(Beginning of Dataset)

lemma order_iso_nths:
  assumes "order_iso xs ys"
  shows "order_iso (nths xs I) (nths ys I)"
proof -
  have len: "length xs = length ys"
    using assms by (simp add: order_iso_def)
  then have len_nths: "length (nths xs I) = length (nths ys I)"
    by (simp add: length_nths)
  have "set (zip (nths xs I) (nths ys I)) \<subseteq> set (zip xs ys)"
    using zip_nths[OF len] set_nths_subset by metis
  with assms show ?thesis
    using order_iso_iff_zip[OF len] order_iso_iff_zip[OF len_nths] by blast
qed

lemma distinct_if_order_iso:
  assumes "order_iso xs ys" and "distinct xs"
  shows "distinct ys"
  unfolding distinct_conv_nth
proof (intro allI impI)
  fix i j assume "i < length ys" "j < length ys" "i \<noteq> j"
  with assms have "xs ! i \<noteq> xs ! j"
    by (simp add: order_iso_def nth_eq_iff_index_eq)
  then have "xs ! i < xs ! j \<or> xs ! j < xs ! i"
    by linarith
  with assms \<open>i < length ys\<close> \<open>j < length ys\<close> show "ys ! i \<noteq> ys ! j"
    by (auto simp: order_iso_def)
qed

definition rank_in :: "'a::linorder set \<Rightarrow> 'a \<Rightarrow> nat" where
  "rank_in A x = card {y \<in> A. y < x}"

lemma rank_in_strict_mono:
  assumes "finite A" and "x \<in> A" and "x < y"
  shows "rank_in A x < rank_in A y"
  unfolding rank_in_def
proof (rule psubset_card_mono)
  show "{z \<in> A. z < x} \<subset> {z \<in> A. z < y}"
    using assms by auto
qed (use assms in auto)
text \<open>The action of \<open>f\<close> on \<open>H\<^sub>1\<close> has order dividing 12.\<close>
lemma homeomorphism_power_lift_commuting:
  assumes n: "n \<ge> 2" and hom: "homeomorphism torus torus f f'"
    and rel: "\<And>p. p \<in> torus \<Longrightarrow> torus_aut a b c d (f (torus_aut d (-b) (-c) a p)) = (f ^^ n) p"
  obtains G where "continuous_on UNIV G" "inj G" "\<And>x k. G (x + int_vec k) = G x + int_vec k"
    "\<And>x. torus_proj (G x) = (f ^^ 12) (torus_proj x)"
proof -
  obtain F B where Fc: "continuous_on UNIV F" and Fl: "\<And>x. torus_proj (F x) = f (torus_proj x)"
    and FB: "\<And>x k. F (x + int_vec k) = F x + mat_vec B (int_vec k)" and dB: "mat_det B = 1 \<or> mat_det B = -1"
    using homeomorphism_lift[OF hom] by blast
  obtain v where "\<And>x. mat_vec A (F (mat_vec (mat_adj A) x)) = (F ^^ n) x + int_vec v"
    using lift_conj_relation[OF Fc Fl rel] by blast
  then have "mat_mul A B = mat_mul (mat_pow B n) A" by (rule lift_conj_mat_relation[OF FB])
  moreover have "mat_det A = 1" "\<bar>mat_trace A\<bar> > 2" using det trace by (simp_all add: A_def)
  ultimately have B12: "mat_pow B 12 = mat_one" using mat_pow_12_of_conj dB n by blast
  have Gl: "torus_proj ((F ^^ 12) x) = (f ^^ 12) (torus_proj x)" for x
    by (rule torus_proj_funpow[of F f, OF Fl])
  have Gper: "(F ^^ 12) (x + int_vec k) = (F ^^ 12) x + int_vec k" for x k
    unfolding funpow_translation_matrix[OF FB] B12 by simp
  have "inj_on f torus" using hom by (metis homeomorphism_apply1 inj_on_inverseI)
  then have "inj_on (f ^^ 12) torus"
    using hom by (intro inj_on_funpow) (auto simp: homeomorphism_def)
  then have "inj (F ^^ 12)" by (rule lift_inj[OF Gl _ Gper])
  with continuous_on_funpow[OF Fc] Gper Gl show ?thesis using that by blast
qed

lemma torus_homeomorphism_periodic:
  assumes n: "n \<ge> 2" and hom: "homeomorphism torus torus f f'"
    and rel: "\<And>p. p \<in> torus \<Longrightarrow> torus_aut a b c d (f (torus_aut d (-b) (-c) a p)) = (f ^^ n) p"
  obtains q where "q > 0" "\<And>p. p \<in> torus \<Longrightarrow> (f ^^ q) p = p"
proof -
  obtain G where Gc: "continuous_on UNIV G" and Ginj: "inj G"
    and Gper: "\<And>x k. G (x + int_vec k) = G x + int_vec k"
    and Gl: "\<And>x. torus_proj (G x) = (f ^^ 12) (torus_proj x)"
    using homeomorphism_power_lift_commuting[OF n hom rel] by blast
  have "torus_aut a b c d ((f ^^ 12) (torus_aut d (-b) (-c) a p)) = ((f ^^ 12) ^^ n) p" if "p \<in> torus" for p
    using funpow_conj_on[OF torus_aut_inverse torus_aut_adj_in_torus _ rel that, of 12] hom
    by (auto simp: homeomorphism_def funpow_mult mult.commute)
  then obtain v where "\<And>x. mat_vec A (G (mat_vec (mat_adj A) x)) = (G ^^ n) x + int_vec v"
    using lift_conj_relation[OF Gc Gl] by blast
  then obtain q W where q: "q > 0" and GqW: "\<And>x. (G ^^ q) x = x + int_vec W"
    using funpow_eq_int_translation[OF Gc Ginj Gper] by blast
  have "(f ^^ (12 * q)) (torus_proj x) = torus_proj x" for x
    using torus_proj_funpow[of G "f ^^ 12", OF Gl, of q x] GqW[of x] by (simp add: funpow_mult)
  then have "(f ^^ (12 * q)) p = p" if "p \<in> torus" for p using that by (auto simp flip: range_torus_proj)
  with q show ?thesis using that[of "12 * q"] by simp
qed

end

section \<open>The Baumslag--Solitar group\<close>

lemma eval_word_append:
  "eval_word h h' f f' (u @ w) = eval_word h h' f f' u \<circ> eval_word h h' f f' w"
  by (induction u) (auto simp: o_assoc)

lemma eval_word_replicate_b: "eval_word h h' f f' (replicate N (GB, True)) = f ^^ N"
  by (induction N) auto

definition affine_rep :: "nat \<Rightarrow> word \<Rightarrow> real \<Rightarrow> real" where
  "affine_rep n = eval_word (\<lambda>x. real n * x) (\<lambda>x. x / real n) (\<lambda>x. x + 1) (\<lambda>x. x - 1)"

lemma affine_rep_replicate_b: "affine_rep n (replicate N (GB, True)) = (\<lambda>x. x + real N)"
proof -
  have "((\<lambda>x::real. x + 1) ^^ N) = (\<lambda>x. x + real N)"
    by (induction N) (auto simp: fun_eq_iff)
  then show ?thesis by (simp add: affine_rep_def eval_word_replicate_b)
qed

lemma affine_rep_append: "affine_rep n (u @ w) = affine_rep n u \<circ> affine_rep n w"
  by (simp add: affine_rep_def eval_word_append)

lemma affine_rep_bs_eq:
  assumes "bs_eq n u w" "n \<ge> 1"
  shows "affine_rep n u = affine_rep n w"
  using assms(1)
proof (induction rule: bs_eq.induct)
  case (bs_cancel u x e v)
  have "affine_rep n [(x, e), (x, \<not> e)] = id"
    using assms(2) by (cases x; cases e) (auto simp: affine_rep_def fun_eq_iff)
  then show ?case by (simp only: affine_rep_append) simp
next
  case (bs_rel u v)
  have "affine_rep n [(GA, True), (GB, True), (GA, False)] = affine_rep n (replicate n (GB, True))"
    using assms(2) by (simp add: affine_rep_replicate_b) (simp add: affine_rep_def fun_eq_iff field_simps)
  then show ?case by (simp only: affine_rep_append)
qed auto

lemma not_bs_eq_b_power:
  assumes "N > 0" "n \<ge> 1"
  shows "\<not> bs_eq n (replicate N (GB, True)) []"
proof
  assume "bs_eq n (replicate N (GB, True)) []"
  then have "affine_rep n (replicate N (GB, True)) 0 = affine_rep n [] 0"
    using affine_rep_bs_eq assms(2) by metis
  with assms(1) show False by (simp add: affine_rep_replicate_b, simp add: affine_rep_def)
qed

theorem mainTheorem15:
  fixes n :: nat and a b c d :: int
  assumes "n \<ge> 2"
    and "a * d - b * c = 1"
    and "\<bar>a + d\<bar> > 2"
    and "\<exists>(l::real) v1 v2. (v1, v2) \<noteq> (0, 0) \<and> of_int a * v1 + of_int b * v2 = l * v1
            \<and> of_int c * v1 + of_int d * v2 = l * v2 \<and> l > real n"
  shows "\<not> (\<exists>f f'. homeomorphism torus torus f f'
           \<and> (\<forall>p\<in>torus. torus_aut a b c d (f (torus_aut d (-b) (-c) a p)) = (f ^^ n) p)
           \<and> (\<forall>w. (\<forall>p\<in>torus. eval_word (torus_aut a b c d) (torus_aut d (-b) (-c) a) f f' w p = p)
                   \<longrightarrow> bs_eq n w []))"
proof (intro notI, elim exE conjE)
  fix f f'
  assume hom: "homeomorphism torus torus f f'"
    and rel: "\<forall>p\<in>torus. torus_aut a b c d (f (torus_aut d (-b) (-c) a p)) = (f ^^ n) p"
    and faithful: "\<forall>w. (\<forall>p\<in>torus. eval_word (torus_aut a b c d) (torus_aut d (-b) (-c) a) f f' w p = p)
                   \<longrightarrow> bs_eq n w []"
  obtain l v1 v2 where "(v1, v2) \<noteq> (0, 0)" "of_int a * v1 + of_int b * v2 = l * v1"
    "of_int c * v1 + of_int d * v2 = l * v2" and l: "l > real n"
    using assms(4) by blast
  then have "l^2 - of_int (a+d) * l + 1 = 0" using eigenvalue_char_eq assms(2) by blast
  then interpret anosov_expanding a b c d l n using assms(1-3) l by unfold_locales auto
  obtain q where q: "q > 0" and periodic: "\<And>p. p \<in> torus \<Longrightarrow> (f ^^ q) p = p"
    using torus_homeomorphism_periodic[OF assms(1) hom] rel by blast
  have "bs_eq n (replicate q (GB, True)) []"
    using faithful by (simp add: eval_word_replicate_b periodic)
  with not_bs_eq_b_power[OF q] assms(1) show False by simp
qed

end
lemma T_test_graeffe_of_isolating:
  fixes F :: "complex poly"
  assumes iso: "isolating F m r (2 * sqrt 2 / 3) (4/3) k"
    and "degree F = n" and "n \<ge> 2" and "r > 0"
  shows "T_test (graeffe_iter (graeffe_N n) (F_disk F m r)) n (3/2) k"
proof -
  define \<rho>\<^sub>1 :: real where "\<rho>\<^sub>1 = 2 * sqrt 2 / 3"
  define \<delta> where "\<delta> = \<rho>\<^sub>1 ^ 2 ^ graeffe_N n"
  define P where "P = F_disk F m r"
  define G where "G = graeffe_iter (graeffe_N n) P"
  have "F \<noteq> 0" and "P \<noteq> 0" and "G \<noteq> 0" and "degree G = n"
    using assms(2-4) by (auto simp: P_def G_def F_disk_eq_0_iff graeffe_iter_eq_0_iff
        degree_graeffe_iter degree_F_disk)
  have "9/8 \<le> sqrt 2"
    by (rule real_le_rsqrt) (simp add: power2_eq_square)
  then have "0 < \<rho>\<^sub>1" and "1 \<le> \<rho>\<^sub>1 * (4/3)"
    by (simp_all add: \<rho>\<^sub>1_def)
  moreover have "\<And>b. poly P b = 0 \<Longrightarrow> cmod b < \<rho>\<^sub>1 \<or> 4/3 \<le> cmod b"
    using isolating_roots_F_disk[OF iso[folded \<rho>\<^sub>1_def] assms(4)] by (simp add: P_def)
  ultimately have "poly G w = 0 \<Longrightarrow> cmod w < \<delta> \<or> 1 / \<delta> \<le> cmod w" for w
    unfolding G_def \<delta>_def by (rule graeffe_iter_roots_separated[OF \<open>P \<noteq> 0\<close>])
  moreover have "(1 + \<delta>) ^ degree G < 5/3"
    using \<open>0 < \<rho>\<^sub>1\<close> graeffe_N_bound[OF assms(3)]
    by (intro one_plus_power_less) (simp_all add: \<delta>_def \<rho>\<^sub>1_def \<open>degree G = n\<close>)
  ultimately have "T_test G n (3/2) (root_count G (disk 0 \<delta>))"
    using \<open>0 < \<rho>\<^sub>1\<close> by (intro T_test_of_separated_roots) (simp_all add: \<open>G \<noteq> 0\<close> \<open>degree G = n\<close> \<delta>_def)
  also have "root_count G (disk 0 \<delta>) = k"
    using iso \<open>0 < \<rho>\<^sub>1\<close> \<open>F \<noteq> 0\<close> assms(4)
    by (simp add: G_def P_def \<delta>_def root_count_graeffe_iter_disk \<open>P \<noteq> 0\<close>[unfolded P_def]
        root_count_F_disk isolating_def \<rho>\<^sub>1_def)
  finally show ?thesis
    by (simp add: G_def P_def)
qed
(* Let $K$ be a positive integer, and let each of $N$ and $J$ be either a positive integer or $\infty$; write $[N]=\{1,\dots,N\}$ (with $[N]=\mathbb{Z}_+$ if $N=\infty$), and similarly for $[J]$. Let $\Theta=[\Theta_1,\dots,\Theta_K]$ with $\Theta_k:[N]\to\mathbb{R}$, let $A=[A_1,\dots,A_K]$ with $A_k:[J]\to\mathbb{R}$, let $Q=[Q_1,\dots,Q_K]$ with $Q_k:[J]\to\{0,1\}$, and let $M=\Theta A^T$, i.e. $M(i,j)=\sum_{k=1}^K\Theta_k(i)A_k(j)$. Suppose $(\Theta,A)$ satisfies the Model Assumptions (1)–(4) relative to $Q$ (see context), and suppose $\operatorname{supp}(Q_k)$ is non-empty for every $k$. Then for each $k\in\{1,\dots,K\}$, the factor loading $A_k$ is identifiable if and only if no $k'\neq k$ masks $k$.
   Context: For $S\subset\{1,\dots,K\}$, $\mathcal{R}(S)\subset[J]$ is the set of indices $j$ such that $Q_k(j)=1$ for all $k\in S$ and $Q_k(j)=0$ for all $k\notin S$. For $\mathcal{R}\subset[J]$ and $S\subset\{1,\dots,K\}$, $A_{[\mathcal{R},S]}$ is the submatrix of $A$ with rows in $\mathcal{R}$ and columns in $S$. $\operatorname{supp}(Q_k)=\{j: Q_k(j)=1\}$. We say $k'$ masks $k$ if $\operatorname{supp}(Q_{k'})\subset\operatorname{supp}(Q_k)$. Model Assumptions for a pair $(\Theta,A)$ relative to $Q$: (1) the columns $\Theta_1,\dots,\Theta_K$ are linearly independent; (2) for every $S\subset\{1,\dots,K\}$ with $\mathcal{R}(S)$ non-empty, the columns of $A_{[\mathcal{R}(S),S]}$ are linearly independent; (3) for every $k$, $A_k(j)=0$ whenever $Q_k(j)=0$; (4) there is a constant $C>0$ with $\sup_{k,i}|\Theta_k(i)|<C$ and $\sup_{k,j}|A_k(j)|<C$. $A_k$ is identifiable if for every decomposition $M=\widetilde\Theta\widetilde A^T$ (with $\widetilde\Theta=[\widetilde\Theta_1,\dots,\widetilde\Theta_K]$, $\widetilde\Theta_k:[N]\to\mathbb{R}$, $\widetilde A=[\widetilde A_1,\dots,\widetilde A_K]$, $\widetilde A_k:[J]\to\mathbb{R}$) such that $(\widetilde\Theta,\widetilde A)$ satisfies Model Assumptions (1)–(4) relative to the same $Q$, the vectors $A_k$ and $\widetilde A_k$ are linearly dependent. *)

theory Defs
  imports Main "HOL-Library.Extended_Nat"
begin
lemma bij_betw_edge_label: "bij_betw edge_label edge_index {1..m * s * s}"
proof -
  have "inj_on edge_label edge_index"
  proof (rule inj_onI)
    fix t t' assume "t \<in> edge_index" "t' \<in> edge_index" and eq: "edge_label t = edge_label t'"
    then obtain i a b i' a' b' where t: "t = (i, a, b)" "t' = (i', a', b')"
      and bounds: "i < m" "a < s" "b < s" "i' < m" "a' < s" "b' < s"
      by (auto simp: edge_index_def)
    have "layer_rank i * (s * s) + cell_rank i a b = layer_rank i' * (s * s) + cell_rank i' a' b'"
      using eq t by (simp add: mult.commute)
    then have "layer_rank i = layer_rank i'" "cell_rank i a b = cell_rank i' a' b'"
      using mult_add_eq_mult_add_iff cell_rank_lt bounds by blast+
    then show "t = t'"
      using inj_on_layer_rank cell_rank_inj bounds t by (auto dest: inj_onD)
  qed
  moreover have "edge_label t \<in> {1..m * s * s}" if "t \<in> edge_index" for t
  proof -
    obtain i a b where t: "t = (i, a, b)" and bounds: "i < m" "a < s" "b < s"
      using \<open>t \<in> edge_index\<close> by (auto simp: edge_index_def)
    then have "s * s * layer_rank i + s * s \<le> m * s * s"
      using layer_rank_lt[of i] mult_le_mono1[of "Suc (layer_rank i)" m "s * s"]
      by (simp add: algebra_simps)
    then show ?thesis
      using cell_rank_lt[OF bounds(2,3), of i] t by simp
  qed
  moreover have "card edge_index = card {1..m * s * s}"
    by (simp add: edge_index_def card_cartesian_product)
  ultimately show ?thesis
    by (simp add: bij_betw_def card_image card_subset_eq image_subset_iff)
qed

lemma labelling_edge: "t \<in> edge_index \<Longrightarrow> labelling (edge t) = edge_label t"
  using inj_on_edge by (simp add: labelling_def)

lemma bij_betw_labelling: "bij_betw labelling edges {1..card edges}"
proof -
  have "bij_betw (edge_label \<circ> inv_into edge_index edge) edges {1..m * s * s}"
    using bij_betw_inv_into[OF inj_on_edge[THEN inj_on_imp_bij_betw]] bij_betw_edge_label
    unfolding edges_def by (rule bij_betw_trans)
  then show ?thesis
    by (simp add: card_edges labelling_def[abs_def] comp_def)
qed

lemma layer_rank_add_pred_layer:
  assumes "j < m"
  shows "layer_rank j + layer_rank (pred_layer j) = layer_weight j"
proof -
  obtain h where m: "m = 2 * h" "h \<ge> 2" using m_even m_ge_4 by (auto elim!: evenE)
  consider "j = 0" | k where "j = 2 * k" "k > 0" | k where "j = 2 * k + 1"
    by (metis evenE oddE gr0I mult_0_right)
  then show ?thesis
  proof cases
    case 1
    have "odd (m - 1)" "(m - 1) div 2 = h - 1" "m div 2 = h" "m - 1 - (h - 1) = h"
      using m by (auto simp: odd_pos)
    then show ?thesis
      using 1 by (simp add: layer_rank_def pred_layer_def layer_weight_def)
  next
    case 2
    then have "odd (j - 1)" "(j - 1) div 2 = k - 1" "k + (m - 1 - (k - 1)) = m"
      using assms by auto
    then show ?thesis
      using 2 by (simp add: layer_rank_def pred_layer_def layer_weight_def)
  next
    case 3
    then have "m - 1 - k + k = m - 1"
      using assms by simp
    then show ?thesis
      using 3 by (simp add: layer_rank_def pred_layer_def layer_weight_def)
  qed
qed
lemma min_Fcost_round_up_le:
  fixes m k1 k2 :: nat and w c :: real
  assumes m: "m \<ge> 2" and k1: "k1 \<ge> 1" and k2: "k2 \<ge> 1" and "0 \<le> w" and "w \<le> 1"
    and joint: "w * joint_order_factor m k1 + (1 - w) * joint_order_factor m k2 \<le> c"
    and separable: "w * real m powr (1 / real k1) + (1 - w) * real m powr (1 / real k2) \<le> c"
    and "K0 \<ge> 0" and K_nonneg: "\<And>i. i < n \<Longrightarrow> K i \<ge> 0" and H_nonneg: "\<And>i. i < n \<Longrightarrow> H i \<ge> 0"
    and opt: "P_optimal n D K0 K H \<alpha> Tmin T"
  shows "min (Fcost K0 K H n (\<lambda>i. round_up m k1 Tmin (T i)))
             (Fcost K0 K H n (\<lambda>i. round_up m k2 Tmin (T i)))
           \<le> ereal (c * OPT_P n D K0 K H \<alpha>)"
proof -
  have Tmin: "Tmin > 0" and T_ge: "\<And>i. i < n \<Longrightarrow> T i \<ge> Tmin"
    using opt unfolding P_optimal_def P_feasible_def by auto
  define a where "a = K0 / Tmin"
  define S where "S = (\<Sum>i<n. K i / T i + H i * T i)"
  define A where "A k = a * joint_order_factor m k + real m powr (1 / real k) * S" for k
  have "a \<ge> 0"
    unfolding a_def using \<open>K0 \<ge> 0\<close> Tmin by simp
  have "S \<ge> 0"
    unfolding S_def using K_nonneg H_nonneg T_ge Tmin
    by (intro sum_nonneg add_nonneg_nonneg) (simp_all add: order.strict_trans2 less_imp_le)
  have F: "Fcost K0 K H n (\<lambda>i. round_up m k Tmin (T i)) \<le> ereal (A k)" if "k \<ge> 1" for k
    unfolding A_def a_def S_def
    using Fcost_round_up_le[OF m that Tmin \<open>K0 \<ge> 0\<close> T_ge K_nonneg H_nonneg] .
  have "min (A k1) (A k2) \<le> w * A k1 + (1 - w) * A k2"
    using \<open>0 \<le> w\<close> \<open>w \<le> 1\<close> by (intro min_le_convex_combination) simp_all
  also have "\<dots> = a * (w * joint_order_factor m k1 + (1 - w) * joint_order_factor m k2)
      + S * (w * real m powr (1 / real k1) + (1 - w) * real m powr (1 / real k2))"
    unfolding A_def by (simp add: algebra_simps)
  also have "\<dots> \<le> c * (a + S)"
    using mult_left_mono[OF joint \<open>a \<ge> 0\<close>] mult_left_mono[OF separable \<open>S \<ge> 0\<close>]
    by (simp add: algebra_simps)
  also have "a + S = OPT_P n D K0 K H \<alpha>"
    unfolding OPT_P_eq_P_obj[OF opt] P_obj_def a_def S_def ..
  finally have bound: "min (A k1) (A k2) \<le> c * OPT_P n D K0 K H \<alpha>" .
  have "min (Fcost K0 K H n (\<lambda>i. round_up m k1 Tmin (T i)))
            (Fcost K0 K H n (\<lambda>i. round_up m k2 Tmin (T i))) \<le> ereal (min (A k1) (A k2))"
    using min.mono[OF F[OF k1] F[OF k2]] by simp
  also have "\<dots> \<le> ereal (c * OPT_P n D K0 K H \<alpha>)"
    using bound by (simp only: ereal_less_eq)
  finally show ?thesis .
qed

(End of Dataset)

→ **Exercise**
Out of the data above, set down the lines from the one with "using funpow_conj_on[OF torus_aut_inverse" to the one with "q)) (torus_proj x)", both included, exactly as written and with no additions.

→ **Reply to the exercise**
    using funpow_conj_on[OF torus_aut_inverse torus_aut_adj_in_torus _ rel that, of 12] hom
    by (auto simp: homeomorphism_def funpow_mult mult.commute)
  then obtain v where "\<And>x. mat_vec A (G (mat_vec (mat_adj A) x)) = (G ^^ n) x + int_vec v"
    using lift_conj_relation[OF Gc Gl] by blast
  then obtain q W where q: "q > 0" and GqW: "\<And>x. (G ^^ q) x = x + int_vec W"
    using funpow_eq_int_translation[OF Gc Ginj Gper] by blast
  have "(f ^^ (12 * q)) (torus_proj x) = torus_proj x" for x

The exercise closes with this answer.